Article ID | Journal | Published Year | Pages | File Type |
---|---|---|---|---|
4718107 | Marine Geology | 2016 | 12 Pages |
•We describe the mid-Holocene overstepping of a sandy barrier and lagoon.•We document its transformation into a strandplain fronted by a muddy shoreface.•Overstepping linked to the 8.2 ka event.•Changes observed may illustrate future changes envisaged for barrier-lagoons.

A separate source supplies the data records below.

text \<open>
  An abstract maximiser with strategies \<open>S\<close> faces an opponent who first learns his type
  \<open>l \<sim> q\<close> and then plays some \<open>y \<in> Y\<close>; \<open>v s l y\<close> is the maximiser's expected payoff.
\<close>

locale typewise_game =
  fixes S :: "'s set" and Y :: "'y set" and v :: "'s \<Rightarrow> 'l::finite \<Rightarrow> 'y \<Rightarrow> real"
    and q :: "'l \<Rightarrow> real" and C :: real
  assumes Y_nonempty: "Y \<noteq> {}"
    and q_dist: "is_dist q"
    and abs_v_le: "\<And>s l y. s \<in> S \<Longrightarrow> y \<in> Y \<Longrightarrow> \<bar>v s l y\<bar> \<le> C"
begin

definition type_value :: "'s \<Rightarrow> 'l \<Rightarrow> real" where
  "type_value s l = (INF y\<in>Y. v s l y)"

definition guarantee :: "'s \<Rightarrow> real" where
  "guarantee s = (INF \<tau>\<in>{\<tau>. \<forall>l. \<tau> l \<in> Y}. \<Sum>l\<in>UNIV. q l * v s l (\<tau> l))"

definition dual_guarantee :: "('l \<Rightarrow> real) \<Rightarrow> 's \<Rightarrow> real" where
  "dual_guarantee \<nu> s = (INF z\<in>{\<pi>. is_dist \<pi>} \<times> {\<tau>. \<forall>l. \<tau> l \<in> Y}.
     \<Sum>l\<in>UNIV. fst z l * (\<nu> l + v s l (snd z l)))"

lemma type_value_le: "s \<in> S \<Longrightarrow> y \<in> Y \<Longrightarrow> type_value s l \<le> v s l y"
  unfolding type_value_def
  by (rule cINF_lower) (auto intro!: bdd_belowI2[where m="- C"] dest: abs_v_le[of s _ l] simp: abs_le_iff)

lemma le_type_value: "(\<And>y. y \<in> Y \<Longrightarrow> c \<le> v s l y) \<Longrightarrow> c \<le> type_value s l"
  unfolding type_value_def using Y_nonempty by (rule cINF_greatest)

lemma type_value_le_bound:
  assumes "s \<in> S"
  shows "type_value s l \<le> C"
proof -
  obtain y where "y \<in> Y"
    using Y_nonempty by blast
  then show ?thesis
    using assms type_value_le[of s y l] abs_v_le[of s y l] by (simp add: abs_le_iff)
qed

In an era of global rising sea level, quantifying future shoreline behaviour is a key societal concern. The potential for dramatic shoreline change via overstepping or barrier disintegration on barrier-lagoon coasts as a result of future rapid sea level rise has been considered by various authors, but documented examples of barrier overstepping generally involve either coarse grain sizes or early diagenesis as beachrock. Where overstepping has been inferred, the overstepped barrier is seldom preserved. Using high resolution seismic data we describe the mid-Holocene overstepping of a sandy coastal barrier system and subsequent geomorphological changes that ultimately transformed it into a strandplain fronted by a muddy shoreface. This complete change in character is interpreted in the context of rapid sea level rise (tentatively linked to the 8.2 ka event) during which the former sandy shoreface-barrier was overstepped and decoupled from the contemporary shoreline, leaving the latter sand-starved. Upon overstepping, the wave-influenced shoreline was displaced rapidly to the landward margin of the former lagoon. Preservation of the overstepped uncohesive sandy barrier is attributed to the relatively wave-sheltered location, rapid sea level rise and rapid burial by shoreface sediments. This situation provides an insight into the conditions under which overstepping occurs, and thereby, the future response of barrier-lagoon systems to predicted rapid rates of future sea level rise.